What is being asked ▸
Two lines in the listing below mark the span: one contains "c + k * p) \<in>" and one contains "using in_L by (auto simp: x_def)". Reproduce both of them and everything between, exactly.
····················
lemma residue_class_image_chain:
  fixes L :: "unit list set" and \<phi> :: "unit list \<Rightarrow> 'x" and c :: nat
  assumes tour: "tournament (\<phi> ` L) r"
    and E: "periodic_unary_rel (pullback_rel L \<phi> (=)) T p"
    and R: "periodic_unary_rel (pullback_rel L \<phi> r) T p"
    and "T \<le> p"
  defines "S \<equiv> \<phi> ` (L \<inter> range (\<lambda>k. unary (T + c + k * p)))"
  shows "finite S \<or> complete_ascending S r \<or> complete_descending S r"
proof (cases "unary (T + c) \<in> L")
  case False
  have "unary (T + c + k * p) \<notin> L" for k
    using False periodic_unary_rel_shift[OF E le_add1[of T c] order_refl, of k]
    by (simp add: pullback_rel_def)
  then have "S = {}"
    by (auto simp: S_def)
  then show ?thesis by simp
next
  case True
  define x where "x k = \<phi> (unary (T + c + k * p))" for k
  have in_L: "unary (T + c + k * p) \<in> L" for k
    using True periodic_unary_rel_shift[OF E le_add1[of T c] order_refl, of k]
    by (simp add: pullback_rel_def)
  then have "S = range x"
    by (auto simp: S_def x_def)
  have "x i = x j \<longleftrightarrow> x 0 = x 1" if "i < j" for i j
    using periodic_unary_rel_progression[OF E \<open>T \<le> p\<close> le_add1[of T c] that]
      periodic_unary_rel_progression[OF E \<open>T \<le> p\<close> le_add1[of T c], of 0 1] in_L in_L[of 0] in_L[of 1]
    by (simp add: pullback_rel_def x_def)
  moreover have "r (x i) (x j) \<longleftrightarrow> r (x 0) (x 1)" if "i < j" for i j
    using periodic_unary_rel_progression[OF R \<open>T \<le> p\<close> le_add1[of T c] that]
      periodic_unary_rel_progression[OF R \<open>T \<le> p\<close> le_add1[of T c], of 0 1] in_L in_L[of 0] in_L[of 1]
    by (simp add: pullback_rel_def x_def)
  moreover have "range x \<subseteq> \<phi> ` L"
    using in_L by (auto simp: x_def)
  ultimately have "finite (range x) \<or> complete_ascending (range x) r \<or> complete_descending (range x) r"
    using homogeneous_sequence_chain[OF tour] by blast
  then show ?thesis
    using \<open>S = range x\<close> by simp
qed
lemma wteam_unif_ext:
  assumes w: "wteam A D w" and fin: "finite D" "finite U" "finite A"
  shows "wteam A (D \<union> U) (unif_ext A D U w)"
proof -
  have "dom t = D \<union> U \<and> ran t \<subseteq> A" if "unif_ext A D U w t \<noteq> 0" for t
  proof -
    have t: "dom t = D \<union> U" "\<forall>x\<in>U. t x \<in> Some ` A" "w (t |` D) \<noteq> 0"
      using that by (auto simp: unif_ext_def split: if_splits)
    have "ran (t |` D) \<subseteq> A" using wteam_ran[OF w] t(3) by blast
    have "b \<in> A" if "t x = Some b" for x b
    proof (cases "x \<in> D")
      case True
      then have "(t |` D) x = Some b" using that by simp
      then show ?thesis using \<open>ran (t |` D) \<subseteq> A\<close> by (auto simp: ran_def)
    next
      case False
      then have "x \<in> U" using that t(1) by auto
      then show ?thesis using t(2) that by force
    qed
    then show ?thesis using t(1) by (auto simp: ran_def)
  qed
  moreover have "finite {t. unif_ext A D U w t \<noteq> 0}"
    by (rule finite_subset[OF _ finite_set_of_finite_maps[of "D \<union> U" A]])
      (use calculation fin in auto)
  moreover have "\<forall>t. 0 \<le> unif_ext A D U w t" unfolding unif_ext_def using wteam_nonneg[OF w] by auto
  ultimately show ?thesis unfolding wteam_def by blast
qed

lemma dup_eq_unif_ext:
  assumes w: "wteam A D w" and "x \<notin> D"
  shows "dup A D w x = unif_ext A D {x} w"
proof
  fix s
  have "D - {x} = D" using assms(2) by auto
  then show "dup A D w x s = unif_ext A D {x} w s"
    using wteam_nonneg[OF w, of "s |` D"]
    by (auto simp: dup_def unif_ext_def marg_dom_eq[OF w] insert_commute)
qed

lemma unif_ext_empty: "wteam A D w \<Longrightarrow> unif_ext A D {} w = w"
  using wteam_dom[of A D w] by (force simp: unif_ext_def restrict_map_eq_self fun_eq_iff)

lemma unif_ext_unif_ext:
  assumes "U1 \<inter> D = {}" "U2 \<inter> (D \<union> U1) = {}" "finite U1" "finite U2"
  shows "unif_ext A (D \<union> U1) U2 (unif_ext A D U1 w) = unif_ext A D (U1 \<union> U2) w"
proof
  fix t
  have "U1 \<inter> U2 = {}" using assms(2) by blast
  then have card: "card (U1 \<union> U2) = card U1 + card U2" using assms by (simp add: card_Un_disjoint)
  show "unif_ext A (D \<union> U1) U2 (unif_ext A D U1 w) t = unif_ext A D (U1 \<union> U2) w t"
  proof (cases "dom t = D \<union> U1 \<union> U2 \<and> (\<forall>x\<in>U2. t x \<in> Some ` A)")
    case True
    then have "dom (t |` (D \<union> U1)) = D \<union> U1" by auto
    then show ?thesis using True card by (auto simp: unif_ext_def Un_assoc power_add field_simps)
  qed (auto simp: unif_ext_def Un_assoc)
qed

lemma sat_Alls_iff:
  assumes "wteam A D w" "finite D" "finite A" "distinct u" "set u \<inter> D = {}"
  shows "sat A D w (Alls u p) \<longleftrightarrow> sat A (D \<union> set u) (unif_ext A D (set u) w) p"
  using assms
proof (induction u arbitrary: D w)
  case Nil
  then show ?case by (simp add: Alls_def unif_ext_empty)
next
  case (Cons x u)
  have team: "wteam A (D \<union> {x}) (unif_ext A D {x} w)"
    by (rule wteam_unif_ext) (use Cons.prems in auto)
  have "sat A D w (Alls (x # u) p) \<longleftrightarrow> sat A (D \<union> {x}) (unif_ext A D {x} w) (Alls u p)"
    using dup_eq_unif_ext[OF Cons.prems(1)] Cons.prems(5) by (simp add: Alls_def)
  also have "\<dots> \<longleftrightarrow> sat A (D \<union> {x} \<union> set u) (unif_ext A (D \<union> {x}) (set u) (unif_ext A D {x} w)) p"
    by (rule Cons.IH) (use team Cons.prems in auto)
  also have "unif_ext A (D \<union> {x}) (set u) (unif_ext A D {x} w) = unif_ext A D ({x} \<union> set u) w"
    by (rule unif_ext_unif_ext) (use Cons.prems in auto)
  finally show ?case by (simp add: Un_assoc)
qed

lemma unif_ext_pos_iff:
  assumes "wteam A D w" "finite A" "A \<noteq> {}"
  shows "0 < unif_ext A D U w t \<longleftrightarrow> dom t = D \<union> U \<and> (\<forall>x\<in>U. t x \<in> Some ` A) \<and> 0 < w (t |` D)"
  using assms wteam_nonneg[OF assms(1), of "t |` D"]
  by (auto simp: unif_ext_def card_gt_0_iff zero_less_divide_iff)
(* Let $\mathcal X$ and $\mathcal Y$ be Polish spaces, let $T:\mathcal X\to\mathcal Y$ be a measurable map, and let $N:\mathcal Y\times\mathcal Y\to[0,\infty)$ be a continuous, bounded pseudo-metric on $\mathcal Y$. Define the pulled-back pseudo-metric $\tilde T(N)$ on $\mathcal X$ by $\tilde T(N)(x,x'):=N(T(x),T(x'))$. Then for all Borel probability measures $a,b$ on $\mathcal X$, $$\mathcal W(N)(T_\# a,\,T_\# b)=\mathcal W(\tilde T(N))(a,b).$$
   Context: For a pseudo-metric (cost) $c$ on a Polish space $\mathcal Z$ and Borel probability measures $\mu,\nu$ on $\mathcal Z$, the Kantorovich (Wasserstein) distance is $\mathcal W(c)(\mu,\nu):=\inf_{\pi\in U(\mu,\nu)}\int_{\mathcal Z\times\mathcal Z} c(z,z')\,d\pi(z,z')$, where $U(\mu,\nu)$ is the set of couplings, i.e. probability measures on $\mathcal Z\times\mathcal Z$ with marginals $\mu$ and $\nu$. $T_\# a$ denotes the push-forward measure $a\circ T^{-1}$. *)

theory Defs
  imports "HOL-Probability.Probability"
begin

definition pseudo_metric :: "('a \<Rightarrow> 'a \<Rightarrow> real) \<Rightarrow> bool" where
  "pseudo_metric c \<longleftrightarrow>
     (\<forall>x y. 0 \<le> c x y) \<and> (\<forall>x. c x x = 0) \<and> (\<forall>x y. c x y = c y x) \<and>
     (\<forall>x y z. c x z \<le> c x y + c y z)"

definition couplings :: "'a::topological_space measure \<Rightarrow> 'a measure \<Rightarrow> ('a \<times> 'a) measure set" where
  "couplings \<mu> \<nu> = {\<pi>. prob_space \<pi> \<and> sets \<pi> = sets (borel :: ('a \<times> 'a) measure) \<and>
       distr \<pi> borel fst = \<mu> \<and> distr \<pi> borel snd = \<nu>}"

definition wasserstein :: "('a::topological_space \<Rightarrow> 'a \<Rightarrow> real) \<Rightarrow> 'a measure \<Rightarrow> 'a measure \<Rightarrow> ennreal" where
  "wasserstein c \<mu> \<nu> = (INF \<pi>\<in>couplings \<mu> \<nu>. \<integral>\<^sup>+ z. ennreal (c (fst z) (snd z)) \<partial>\<pi>)"

end

theory Submission
  imports Defs
begin

text \<open>Pushing a coupling of a and b forward along T \<times> T gives a coupling of the
  push-forwards with the same cost, so W(N)(T_# a, T_# b) is the smaller side.
  Conversely, cover Y by countably many Borel cells of N-diameter below \<open>\<epsilon>\<close>: assign
  each point to the first centre in a dense sequence within N-distance \<open>\<epsilon>/2\<close>. A coupling \<open>\<gamma>\<close> of the
  push-forwards is lifted to a coupling of a and b by coupling, for each pair of cells,
  the conditionals of a and b on their preimages independently, weighted by \<open>\<gamma>\<close>; the
  lifted cost exceeds the cost of \<open>\<gamma>\<close> by at most \<open>2\<epsilon>\<close>.\<close>

lemma borel_measurable_fst [measurable]:
  "fst \<in> borel_measurable (borel :: ('a::second_countable_topology \<times> 'b::second_countable_topology) measure)"
  using measurable_fst[of "borel :: 'a measure" "borel :: 'b measure"] by (simp add: borel_prod)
····················
Exercise output ▸
  have in_L: "unary (T + c + k * p) \<in> L" for k
    using True periodic_unary_rel_shift[OF E le_add1[of T c] order_refl, of k]
    by (simp add: pullback_rel_def)
  then have "S = range x"
    by (auto simp: S_def x_def)
  have "x i = x j \<longleftrightarrow> x 0 = x 1" if "i < j" for i j
    using periodic_unary_rel_progression[OF E \<open>T \<le> p\<close> le_add1[of T c] that]
      periodic_unary_rel_progression[OF E \<open>T \<le> p\<close> le_add1[of T c], of 0 1] in_L in_L[of 0] in_L[of 1]
    by (simp add: pullback_rel_def x_def)
  moreover have "r (x i) (x j) \<longleftrightarrow> r (x 0) (x 1)" if "i < j" for i j
    using periodic_unary_rel_progression[OF R \<open>T \<le> p\<close> le_add1[of T c] that]
      periodic_unary_rel_progression[OF R \<open>T \<le> p\<close> le_add1[of T c], of 0 1] in_L in_L[of 0] in_L[of 1]
    by (simp add: pullback_rel_def x_def)
  moreover have "range x \<subseteq> \<phi> ` L"
    using in_L by (auto simp: x_def)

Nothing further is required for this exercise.